(* Let $c\ge\lceil n/2\rceil$ and let $\mathbf{s}_n\in\mathcal{B}(n,c,d_1)$ with $d_1=n-c$ and $add(\mathbf{s}_n)=t_1$. Suppose that for some integer $0<b<n$ the shifted sequence $R^b(\mathbf{s}_n)$ belongs to $\mathcal{B}(n,c,d_2)$ and $add(R^b(\mathbf{s}_n))=t_2\ge t_1$. If $d_1+d_2\le c+t_2+t_1+1$, then $b=d_2$.
   Context: All sequences are binary (entries in $\mathbb{Z}_2$), $\overline{x}=x\oplus1$, $x\bmod d$ is the least nonnegative residue, and $\mathbf{a}^q$ is the concatenation of $q$ copies of $\mathbf a$. For $\mathbf{s}_n=(s_0,\dots,s_{n-1})$, $\mathbf{s}_j=(s_0,\dots,s_{j-1})$. A length-$m$ sequence is periodic if it is the concatenation of $m/e$ copies of a length-$e$ sequence for a proper divisor $e$ of $m$, aperiodic otherwise. Right circular shift: $R^k(\mathbf{s}_n)=(s_{n-k},\dots,s_{n-1},s_0,\dots,s_{n-k-1})$. For $c\ge\lfloor n/2\rfloor$ and $1\le d\le\min\{n-c,\lfloor n/2\rfloor\}$, $\mathcal{B}(n,c,d)$ is the set of aperiodic length-$n$ sequences $\mathbf{s}_n$ with $\mathbf{s}_d$ aperiodic and $\mathbf{s}_{c+d}=(s_0,\dots,s_{d-1})^q(s_0,\dots,s_{r-1},\overline{s_r})$, where $q=\lfloor(c+d-1)/d\rfloor$, $r=c+d-1-qd$, and $s_{c+d},\dots,s_{n-1}$ are arbitrary. For $\mathbf{s}_n\in\mathcal{B}(n,c,d)$, $add(\mathbf{s}_n)$ is the integer $t\ge0$ such that $s_{n-1-i}=s_{(d-1-i)\bmod d}$ for $0\le i<t$ and $s_{n-1-t}\neq s_{(d-1-t)\bmod d}$. *)

theory Defs
  imports Main
begin

text \<open>Binary sequences are lists of booleans (Z_2 with True = 1); complement is negation.
  Index i of a list xs is xs ! i.\<close>

definition periodic :: "bool list \<Rightarrow> bool" where
  "periodic xs \<longleftrightarrow> (\<exists>e. 0 < e \<and> e < length xs \<and> e dvd length xs \<and>
      xs = concat (replicate (length xs div e) (take e xs)))"

definition aperiodic :: "bool list \<Rightarrow> bool" where
  "aperiodic xs \<longleftrightarrow> \<not> periodic xs"

text \<open>The set B(n,c,d); the side conditions on c and d from the paper are part of membership.\<close>
definition Bset :: "nat \<Rightarrow> nat \<Rightarrow> nat \<Rightarrow> bool list set" where
  "Bset n c d = {s. n div 2 \<le> c \<and> 1 \<le> d \<and> d \<le> min (n - c) (n div 2) \<and>
      length s = n \<and> aperiodic s \<and> aperiodic (take d s) \<and>
      (let q = (c + d - 1) div d; r = c + d - 1 - q * d in
        take (c + d) s = concat (replicate q (take d s)) @ take r s @ [\<not> s ! r])}"

text \<open>is_add d s t: t is the value add(s), the first position (counted from the end) at which
  s_{n-1-i} differs from s_{(d-1-i) mod d}, with mod the least nonnegative residue.\<close>
definition is_add :: "nat \<Rightarrow> bool list \<Rightarrow> nat \<Rightarrow> bool" where
  "is_add d s t \<longleftrightarrow> t < length s \<and>
     (\<forall>i<t. s ! (length s - 1 - i) = s ! nat ((int d - 1 - int i) mod int d)) \<and>
     s ! (length s - 1 - t) \<noteq> s ! nat ((int d - 1 - int t) mod int d)"

definition rshift :: "nat \<Rightarrow> bool list \<Rightarrow> bool list" where
  "rshift k s = drop (length s - k) s @ take (length s - k) s"

end

theory Submission
  imports Defs
begin

(* Extend s to the n-periodic function f on the integers, take d1 s to the d1-periodic P and
   take d2 (R^b s) to the d2-periodic Q, the latter read in the coordinates of s. The
   hypotheses say that f agrees with P exactly on [-t1, n-2] and with Q exactly on
   [-b-t2, c+d2-2-b]. The argument tracks where a function changes over distance d2, i.e.
   where X i differs from X (i + d2): for m-periodic X this happens an even number of times in
   every window of length m. Changes of f are absent from the Q-window and agree with those of
   P on the P-window. If d2 < d1, P has no change-free run of length d1 - 1, since parity would
   make d2 a period of the primitive word take d1 s. Together with the bound on d1 + d2 this
   excludes every position of b except those where P has two change-free runs, and parity then
   forces these to be translates by exactly d1, which means b = d2. If d2 = d1, the same
   parity count for f gives b = d2. *)

section \<open>Periodic functions on the integers\<close>

lemma periodic_add_mult:
  fixes h :: "int \<Rightarrow> 'a"
  assumes "\<forall>i. h i = h (i mod m)"
  shows "h (i + k * m) = h i"
  by (metis assms mod_mult_self1)

lemma shift_invariant_add_mult:
  fixes h :: "int \<Rightarrow> 'a"
  assumes shift: "\<And>i. h (i + p) = h i"
  shows "h (i + k * p) = h i"
proof (induction k arbitrary: i rule: int_induct[where k = 0])
  case base
  show ?case by simp
next
  case (step1 k)
  have "h (i + (k + 1) * p) = h ((i + p) + k * p)" by (simp add: algebra_simps)
  also have "\<dots> = h i" using step1.IH shift by simp
  finally show ?case .
next
  case (step2 k)
  have "h (i + (k - 1) * p) = h ((i - p) + k * p)" by (simp add: algebra_simps)
  also have "\<dots> = h (i - p + p)" using step2.IH shift by metis
  finally show ?case by simp
qed

lemma sum_periodic_window:
  fixes g :: "int \<Rightarrow> 'a::comm_monoid_add"
  assumes m: "m > 0" and per: "\<forall>i. g i = g (i mod m)"
  shows "(\<Sum>i\<in>{a..<a+m}. g i) = (\<Sum>i\<in>{0..<m}. g i)"
proof (rule sum.reindex_bij_witness[where i = "\<lambda>j. a + (j - a) mod m" and j = "\<lambda>i. i mod m"])
  fix i assume "i \<in> {a..<a+m}"
  then have "(i - a) mod m = i - a" by simp
  moreover have "(i mod m - a) mod m = (i - a) mod m" by (simp add: mod_diff_left_eq)
  ultimately show "a + (i mod m - a) mod m = i" by simp
qed (use m per in \<open>auto simp: mod_add_right_eq\<close>)

lemma even_card_shift_changes:
  fixes X :: "int \<Rightarrow> bool"
  assumes m: "m > 0" and per: "\<forall>i. X i = X (i mod m)"
  shows "even (card {i \<in> {a..<a+m}. X i \<noteq> X (i + r)})"
proof -
  let ?W = "{a..<a+m}" and ?N = "\<lambda>i. of_bool (X i) :: nat"
  have per_N: "\<forall>i. ?N i = ?N (i mod m)" using per by (simp flip: per[rule_format])
  have "(\<Sum>i\<in>?W. ?N (i + r)) = (\<Sum>i\<in>{a+r..<a+r+m}. ?N i)"
    by (rule sum.reindex_bij_witness[where i = "\<lambda>i. i - r" and j = "\<lambda>i. i + r"]) auto
  also have "\<dots> = (\<Sum>i\<in>?W. ?N i)"
    using sum_periodic_window[OF m per_N] by metis
  finally have shifted: "(\<Sum>i\<in>?W. ?N (i + r)) = (\<Sum>i\<in>?W. ?N i)" .
  have key: "\<And>i. of_bool (X i \<noteq> X (i + r)) + 2 * of_bool (X i \<and> X (i + r)) = ?N i + ?N (i + r)"
    by auto
  have "(\<Sum>i\<in>?W. of_bool (X i \<noteq> X (i + r))) + 2 * (\<Sum>i\<in>?W. of_bool (X i \<and> X (i + r)))
      = (\<Sum>i\<in>?W. ?N i + ?N (i + r))"
    unfolding sum_distrib_left sum.distrib[symmetric] key ..
  also have "\<dots> = 2 * (\<Sum>i\<in>?W. ?N i)"
    by (simp add: sum.distrib shifted)
  finally have "even (\<Sum>i\<in>?W. of_bool (X i \<noteq> X (i + r)) :: nat)"
    by presburger
  then show ?thesis by (simp add: Int_def)
qed

lemma periodic_changes:
  fixes X :: "int \<Rightarrow> 'a"
  assumes per: "\<forall>i. X i = X (i mod m)"
  shows "\<forall>i. (X i \<noteq> X (i + r)) = (X (i mod m) \<noteq> X (i mod m + r))"
proof
  fix i
  have "X (i + r) = X (i mod m + r)"
    using per by (metis mod_add_left_eq)
  then show "(X i \<noteq> X (i + r)) = (X (i mod m) \<noteq> X (i mod m + r))"
    using per by metis
qed

lemma shift_eq_if_eq_on_window_but_one:
  fixes X :: "int \<Rightarrow> bool"
  assumes m: "0 < m" and per: "\<forall>i. X i = X (i mod m)"
    and agree: "\<forall>i \<in> {a..<a+m} - {j}. X i = X (i + r)"
  shows "X k = X (k + r)"
proof -
  have at_j: "i = j" if "i \<in> {a..<a+m}" "X i \<noteq> X (i + r)" for i
  proof (rule ccontr)
    assume "i \<noteq> j"
    with that agree show False
      by blast
  qed
  have window: "X i = X (i + r)" if i: "a \<le> i" "i < a + m" for i
  proof (rule ccontr)
    assume change: "X i \<noteq> X (i + r)"
    have "i = j"
      using at_j i change by simp
    have "{i' \<in> {a..<a+m}. X i' \<noteq> X (i' + r)} = {j}"
    proof
      show "{i' \<in> {a..<a+m}. X i' \<noteq> X (i' + r)} \<subseteq> {j}"
        using at_j by blast
      show "{j} \<subseteq> {i' \<in> {a..<a+m}. X i' \<noteq> X (i' + r)}"
        using \<open>i = j\<close> i change by simp
    qed
    then show False
      using even_card_shift_changes[OF m per, of a r] by simp
  qed
  define k' where "k' = a + (k - a) mod m"
  have "a \<le> k'" "k' < a + m"
    using m unfolding k'_def by auto
  then have "X k' = X (k' + r)"
    by (rule window)
  moreover have "k' mod m = k mod m"
    unfolding k'_def by (simp add: mod_add_right_eq)
  ultimately show ?thesis
    using per by (metis mod_add_left_eq)
qed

______________________________

ACTION ITEM. Starting at the line above that contains "nat \<Rightarrow> nat", repeat each line exactly up to and including the line that contains "(\<forall>i<t. s !", and stop there.

EXERCISE RESPONSE.
definition Bset :: "nat \<Rightarrow> nat \<Rightarrow> nat \<Rightarrow> bool list set" where
  "Bset n c d = {s. n div 2 \<le> c \<and> 1 \<le> d \<and> d \<le> min (n - c) (n div 2) \<and>
      length s = n \<and> aperiodic s \<and> aperiodic (take d s) \<and>
      (let q = (c + d - 1) div d; r = c + d - 1 - q * d in
        take (c + d) s = concat (replicate q (take d s)) @ take r s @ [\<not> s ! r])}"

text \<open>is_add d s t: t is the value add(s), the first position (counted from the end) at which
  s_{n-1-i} differs from s_{(d-1-i) mod d}, with mod the least nonnegative residue.\<close>
definition is_add :: "nat \<Rightarrow> bool list \<Rightarrow> nat \<Rightarrow> bool" where
  "is_add d s t \<longleftrightarrow> t < length s \<and>
     (\<forall>i<t. s ! (length s - 1 - i) = s ! nat ((int d - 1 - int i) mod int d)) \<and>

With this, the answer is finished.